(* If $S$ and $T$ are semigroups each containing an element of infinite order, then the direct product $S\times T$ contains uncountably many pairwise non-isomorphic subsemigroups.
   Context: An element $x$ of a semigroup has infinite order if the powers $x,x^2,x^3,\dots$ are pairwise distinct. $S\times T$ is the direct product with componentwise multiplication. *)

theory Defs
  imports Main "HOL-Library.Countable_Set"
begin

text \<open>Positive powers in a semigroup: spow x n = x to the power (n+1).\<close>
fun spow :: "'a::semigroup_mult \<Rightarrow> nat \<Rightarrow> 'a" where
  "spow x 0 = x"
| "spow x (Suc n) = spow x n * x"

definition infinite_order :: "'a::semigroup_mult \<Rightarrow> bool" where
  "infinite_order x \<longleftrightarrow> inj (spow x)"

definition prod_mult :: "('a::semigroup_mult \<times> 'b::semigroup_mult) \<Rightarrow> ('a \<times> 'b) \<Rightarrow> ('a \<times> 'b)" where
  "prod_mult p q = (fst p * fst q, snd p * snd q)"

definition subsemigroup :: "('c \<Rightarrow> 'c \<Rightarrow> 'c) \<Rightarrow> 'c set \<Rightarrow> bool" where
  "subsemigroup m A \<longleftrightarrow> A \<noteq> {} \<and> (\<forall>x\<in>A. \<forall>y\<in>A. m x y \<in> A)"

definition semigroup_iso :: "('c \<Rightarrow> 'c \<Rightarrow> 'c) \<Rightarrow> 'c set \<Rightarrow> 'c set \<Rightarrow> bool" where
  "semigroup_iso m A B \<longleftrightarrow>
     (\<exists>f. bij_betw f A B \<and> (\<forall>x\<in>A. \<forall>y\<in>A. f (m x y) = m (f x) (f y)))"

end

theory Submission
  imports Defs
begin

text \<open>For a set \<open>I\<close> of naturals let \<open>N\<^sub>I\<close> be the additive subsemigroup of
  \<open>\<nat> \<times> \<nat>\<close> generated by the pairs \<open>(p, (j+2) p)\<close> with \<open>j \<in> I\<close> and
  \<open>p \<in> {j+2, j+3}\<close>. These generators are exactly the indecomposable elements of \<open>N\<^sub>I\<close>, and
  two of them, \<open>a\<close> and \<open>b\<close>, satisfy \<open>(k+3) a = (k+2) b\<close> precisely when they are the two
  generators belonging to \<open>j = k\<close>. Hence \<open>I\<close> can be read off from the isomorphism type of
  \<open>N\<^sub>I\<close>, giving continuum many pairwise non-isomorphic semigroups. Each \<open>N\<^sub>I\<close> embeds
  into \<open>S \<times> T\<close> via \<open>(m, n) \<mapsto> (s\<^sup>m, t\<^sup>n)\<close> when \<open>s\<close> and \<open>t\<close> have infinite order.\<close>

definition mult_closed :: "('c \<Rightarrow> 'c \<Rightarrow> 'c) \<Rightarrow> 'c set \<Rightarrow> bool" where
  "mult_closed m A \<longleftrightarrow> (\<forall>x\<in>A. \<forall>y\<in>A. m x y \<in> A)"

━━━━━━

Among the lines of the material above, find those with the word "powers". Copy each one.

   Context: An element $x$ of a semigroup has infinite order if the powers $x,x^2,x^3,\dots$ are pairwise distinct. $S\times T$ is the direct product with componentwise multiplication. *)
text \<open>Positive powers in a semigroup: spow x n = x to the power (n+1).\<close>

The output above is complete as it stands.